→ Supplied entries:
□ □ □ □

(* Under the partial cost model, for every positive integer $k$ there is a request sequence $\sigma$ on a list of two items with $\mathrm{TS}(\sigma)=\mathrm{MTFO}(\sigma)=\mathrm{MTFE}(\sigma)=10k$ and $\mathrm{OPT}(\sigma)\le 6k$; in particular each of TS, MTFO and MTFE has cost at least $\frac{5}{3}\mathrm{OPT}(\sigma)$ on these sequences. (Hence the bound $\frac53$ of the best of the three algorithms is tight in the partial cost model.)
   Context: Static list update: serving a request to the item at position $i$ costs $i-1$ (partial cost model); the accessed item may be moved closer to the front for free; two adjacent items may be swapped at cost $1$. $A(\sigma)$ is the total cost of algorithm $A$ and $\mathrm{OPT}(\sigma)$ the minimum cost of any offline algorithm from the same initial list. MTFO moves a requested item to the front on the 1st, 3rd, 5th, ... request to that item; MTFE on the 2nd, 4th, 6th, ... request; otherwise they leave it in place. TS (Timestamp): on a request to item $x$, if $x$ has been requested before and some item preceding $x$ has been requested at most once since the previous request to $x$, then $x$ is moved to immediately in front of the frontmost such item; otherwise nothing moves. These three algorithms make no paid exchanges. *)

theory Defs
  imports Main
begin

(* Position of an item in a list, 0-based.  Under the partial cost model,
   serving a request to the item at (1-based) position i costs i-1, i.e.
   exactly the 0-based position. *)
fun pos :: "'a list \<Rightarrow> 'a \<Rightarrow> nat" where
  "pos [] x = 0"
| "pos (y # ys) x = (if y = x then 0 else Suc (pos ys x))"

definition move_to :: "nat \<Rightarrow> 'a \<Rightarrow> 'a list \<Rightarrow> 'a list" where
  "move_to j x s = take j (remove1 x s) @ x # drop j (remove1 x s)"

definition swap_adj :: "nat \<Rightarrow> 'a list \<Rightarrow> 'a list" where
  "swap_adj i s = (if Suc i < length s then s[i := s ! Suc i, Suc i := s ! i] else s)"

definition swaps :: "nat list \<Rightarrow> 'a list \<Rightarrow> 'a list" where
  "swaps sw s = fold swap_adj sw s"

(* offline executions: before each request any number of paid exchanges
   (cost 1 each), then the access (cost = 0-based position), then a free
   move of the accessed item closer to the front (or no move: j = position) *)
inductive offline_exec :: "'a list \<Rightarrow> 'a list \<Rightarrow> nat \<Rightarrow> bool" where
  Nil: "offline_exec s [] 0"
| Cons: "\<lbrakk> s' = swaps sw s; j \<le> pos s' x;
           offline_exec (move_to j x s') rs c \<rbrakk>
         \<Longrightarrow> offline_exec s (x # rs) (length sw + pos s' x + c)"

definition OPT :: "'a list \<Rightarrow> 'a list \<Rightarrow> nat" where
  "OPT s0 \<sigma> = (LEAST c. offline_exec s0 \<sigma> c)"

(* online algorithms without paid exchanges: step function taking the
   history of previous requests, the current list and the current request,
   and returning the new list *)
fun online_cost :: "('a list \<Rightarrow> 'a list \<Rightarrow> 'a \<Rightarrow> 'a list)
                     \<Rightarrow> 'a list \<Rightarrow> 'a list \<Rightarrow> 'a list \<Rightarrow> nat" where
  "online_cost A h s [] = 0"
| "online_cost A h s (x # rs) = pos s x + online_cost A (h @ [x]) (A h s x) rs"

(* MTFO: move to front on the 1st, 3rd, 5th, ... request to x,
   i.e. when the number of previous requests to x is even *)
definition mtfo_step :: "'a list \<Rightarrow> 'a list \<Rightarrow> 'a \<Rightarrow> 'a list" where
  "mtfo_step h s x = (if even (count_list h x) then move_to 0 x s else s)"

(* MTFE: move to front on the 2nd, 4th, 6th, ... request to x *)
definition mtfe_step :: "'a list \<Rightarrow> 'a list \<Rightarrow> 'a \<Rightarrow> 'a list" where
  "mtfe_step h s x = (if odd (count_list h x) then move_to 0 x s else s)"

(* TS: if x was requested before, consider the items preceding x that were
   requested at most once since the previous request to x; if there is any,
   move x to immediately in front of the frontmost such item *)
definition ts_step :: "'a list \<Rightarrow> 'a list \<Rightarrow> 'a \<Rightarrow> 'a list" where
  "ts_step h s x =
     (if x \<notin> set h then s
      else let seg = rev (takeWhile (\<lambda>y. y \<noteq> x) (rev h));
               cands = filter (\<lambda>y. count_list seg y \<le> 1) (take (pos s x) s)
           in if cands = [] then s else move_to (pos s (hd cands)) x s)"

definition MTFO :: "'a list \<Rightarrow> 'a list \<Rightarrow> nat" where
  "MTFO s0 \<sigma> = online_cost mtfo_step [] s0 \<sigma>"

definition MTFE :: "'a list \<Rightarrow> 'a list \<Rightarrow> nat" where
  "MTFE s0 \<sigma> = online_cost mtfe_step [] s0 \<sigma>"

definition TS :: "'a list \<Rightarrow> 'a list \<Rightarrow> nat" where
  "TS s0 \<sigma> = online_cost ts_step [] s0 \<sigma>"

end

theory Submission
  imports Defs
begin

text \<open>
  The request sequence consists of k copies of the block a b a a a b a b a b a b a b a a.
  Started from the list [a, b], each of TS, MTFO and MTFE pays 10 on a block and ends it
  with the list [a, b] again (for MTFO and MTFE with both request counts even, for TS with
  a block as the most recent history), so the costs add up to 10k.  The offline algorithm
  that never changes [a, b] pays 1 exactly for each of the 6 requests to b in a block.
\<close>

definition block :: "'a \<Rightarrow> 'a \<Rightarrow> 'a list" where
  "block a b = [a,b,a,a,a,b,a,b,a,b,a,b,a,b,a,a]"

lemma set_block: "set (block a b) = {a, b}"
  by (auto simp: block_def)

lemma move_to_pos_self: "x \<in> set s \<Longrightarrow> move_to (pos s x) x s = s"
  by (induction s) (auto simp: move_to_def)

lemma offline_exec_static:
  "set \<sigma> \<subseteq> set s \<Longrightarrow> offline_exec s \<sigma> (\<Sum>x\<leftarrow>\<sigma>. pos s x)"
proof (induction \<sigma>)
  case Nil
  show ?case by (simp add: offline_exec.Nil)
next
  case (Cons x rs)
  have "offline_exec s (x # rs) (length ([] :: nat list) + pos s x + (\<Sum>y\<leftarrow>rs. pos s y))"
  proof (rule offline_exec.Cons[where sw = "[]" and j = "pos s x"])
    show "offline_exec (move_to (pos s x) x s) rs (\<Sum>y\<leftarrow>rs. pos s y)"
      using Cons by (simp add: move_to_pos_self)
  qed (simp_all add: swaps_def)
  then show ?case by simp
qed

lemma OPT_le_static_cost:
  "set \<sigma> \<subseteq> set s \<Longrightarrow> OPT s \<sigma> \<le> (\<Sum>x\<leftarrow>\<sigma>. pos s x)"
  unfolding OPT_def by (rule Least_le) (rule offline_exec_static)

lemma sum_list_map_concat_replicate:
  "(\<Sum>x\<leftarrow>concat (replicate k xs). f x) = k * (\<Sum>x\<leftarrow>xs. f x)"
  by (induction k) simp_all

lemma online_cost_concat_replicate:
  assumes step: "\<And>h rest. P h \<Longrightarrow> online_cost A h s (xs @ rest) = c + online_cost A (h @ xs) s rest"
    and invariant: "\<And>h. P h \<Longrightarrow> P (h @ xs)"
    and "P h"
  shows "online_cost A h s (concat (replicate k xs)) = c * k"
  using \<open>P h\<close>
proof (induction k arbitrary: h)
  case 0
  show ?case by simp
next
  case (Suc k)
  then show ?case using step[OF Suc.prems] invariant[OF Suc.prems] by simp
qed

lemma mtfo_block:
  "\<lbrakk>a \<noteq> b; even (count_list h a); even (count_list h b)\<rbrakk> \<Longrightarrow>
    online_cost mtfo_step h [a, b] (block a b @ rest)
      = 10 + online_cost mtfo_step (h @ block a b) [a, b] rest"
  by (simp add: block_def mtfo_step_def move_to_def)

lemma mtfe_block:
  "\<lbrakk>a \<noteq> b; even (count_list h a); even (count_list h b)\<rbrakk> \<Longrightarrow>
    online_cost mtfe_step h [a, b] (block a b @ rest)
      = 10 + online_cost mtfe_step (h @ block a b) [a, b] rest"
  by (simp add: block_def mtfe_step_def move_to_def)

text \<open>
  TS needs the history only back to the previous request of each item, so it suffices that
  the history is empty or ends with a block.
\<close>

lemma ts_block_Nil:
  "a \<noteq> b \<Longrightarrow>
    online_cost ts_step [] [a, b] (block a b @ rest)
      = 10 + online_cost ts_step (block a b) [a, b] rest"
  by (simp add: block_def ts_step_def move_to_def)

lemma ts_block_after_block:
  "a \<noteq> b \<Longrightarrow>
    online_cost ts_step (g @ block a b) [a, b] (block a b @ rest)
      = 10 + online_cost ts_step (g @ block a b @ block a b) [a, b] rest"
  by (simp add: block_def ts_step_def move_to_def)

lemma count_list_block:
  "a \<noteq> b \<Longrightarrow> count_list (block a b) a = 10 \<and> count_list (block a b) b = 6"
  by (simp add: block_def)

lemma TS_block_replicate: "a \<noteq> b \<Longrightarrow> TS [a, b] (concat (replicate k (block a b))) = 10 * k"
  unfolding TS_def
  by (rule online_cost_concat_replicate[where P = "\<lambda>h. h = [] \<or> (\<exists>g. h = g @ block a b)"])
     (auto simp: ts_block_Nil ts_block_after_block)

lemma MTFO_block_replicate: "a \<noteq> b \<Longrightarrow> MTFO [a, b] (concat (replicate k (block a b))) = 10 * k"
  unfolding MTFO_def
  by (rule online_cost_concat_replicate[where P = "\<lambda>h. even (count_list h a) \<and> even (count_list h b)"])
     (simp_all add: mtfo_block count_list_block)

lemma MTFE_block_replicate: "a \<noteq> b \<Longrightarrow> MTFE [a, b] (concat (replicate k (block a b))) = 10 * k"
  unfolding MTFE_def
  by (rule online_cost_concat_replicate[where P = "\<lambda>h. even (count_list h a) \<and> even (count_list h b)"])
     (simp_all add: mtfe_block count_list_block)

lemma OPT_block_replicate: "a \<noteq> b \<Longrightarrow> OPT [a, b] (concat (replicate k (block a b))) \<le> 6 * k"
proof -
  assume "a \<noteq> b"
  have "set (concat (replicate k (block a b))) \<subseteq> set [a, b]"
    by (simp add: set_block)
  then have "OPT [a, b] (concat (replicate k (block a b)))
      \<le> (\<Sum>x\<leftarrow>concat (replicate k (block a b)). pos [a, b] x)"
    by (rule OPT_le_static_cost)
  also have "\<dots> = 6 * k"
    using \<open>a \<noteq> b\<close> by (simp add: sum_list_map_concat_replicate block_def)
  finally show ?thesis .
qed

theorem theorem4:
  fixes a b :: 'a and k :: nat
  assumes "a \<noteq> b" and "k > 0"
  shows "\<exists>\<sigma>. set \<sigma> \<subseteq> {a, b}
            \<and> TS [a, b] \<sigma> = 10 * k \<and> MTFO [a, b] \<sigma> = 10 * k \<and> MTFE [a, b] \<sigma> = 10 * k
            \<and> OPT [a, b] \<sigma> \<le> 6 * k
            \<and> 5 * OPT [a, b] \<sigma> \<le> 3 * TS [a, b] \<sigma>
            \<and> 5 * OPT [a, b] \<sigma> \<le> 3 * MTFO [a, b] \<sigma>
            \<and> 5 * OPT [a, b] \<sigma> \<le> 3 * MTFE [a, b] \<sigma>"
proof (intro exI conjI)
  let ?\<sigma> = "concat (replicate k (block a b))"
  show "set ?\<sigma> \<subseteq> {a, b}"
    by (simp add: set_block)
  show TS: "TS [a, b] ?\<sigma> = 10 * k" and MTFO: "MTFO [a, b] ?\<sigma> = 10 * k"
    and MTFE: "MTFE [a, b] ?\<sigma> = 10 * k" and OPT: "OPT [a, b] ?\<sigma> \<le> 6 * k"
    using assms(1) by (rule TS_block_replicate MTFO_block_replicate MTFE_block_replicate
        OPT_block_replicate)+
  show "5 * OPT [a, b] ?\<sigma> \<le> 3 * TS [a, b] ?\<sigma>"
    and "5 * OPT [a, b] ?\<sigma> \<le> 3 * MTFO [a, b] ?\<sigma>"
    and "5 * OPT [a, b] ?\<sigma> \<le> 3 * MTFE [a, b] ?\<sigma>"
    using TS MTFO MTFE OPT by simp_all
qed

end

□ □ □ □

→ Work instruction: Within the listing above, the range opens at the line with "a b))) \<subseteq>" and closes at the line with "MTFE [a, b] \<sigma> = 10 * k". Reproduce exactly the lines of that range, including both ends.

→ Task response:
  have "set (concat (replicate k (block a b))) \<subseteq> set [a, b]"
    by (simp add: set_block)
  then have "OPT [a, b] (concat (replicate k (block a b)))
      \<le> (\<Sum>x\<leftarrow>concat (replicate k (block a b)). pos [a, b] x)"
    by (rule OPT_le_static_cost)
  also have "\<dots> = 6 * k"
    using \<open>a \<noteq> b\<close> by (simp add: sum_list_map_concat_replicate block_def)
  finally show ?thesis .
qed

theorem theorem4:
  fixes a b :: 'a and k :: nat
  assumes "a \<noteq> b" and "k > 0"
  shows "\<exists>\<sigma>. set \<sigma> \<subseteq> {a, b}
            \<and> TS [a, b] \<sigma> = 10 * k \<and> MTFO [a, b] \<sigma> = 10 * k \<and> MTFE [a, b] \<sigma> = 10 * k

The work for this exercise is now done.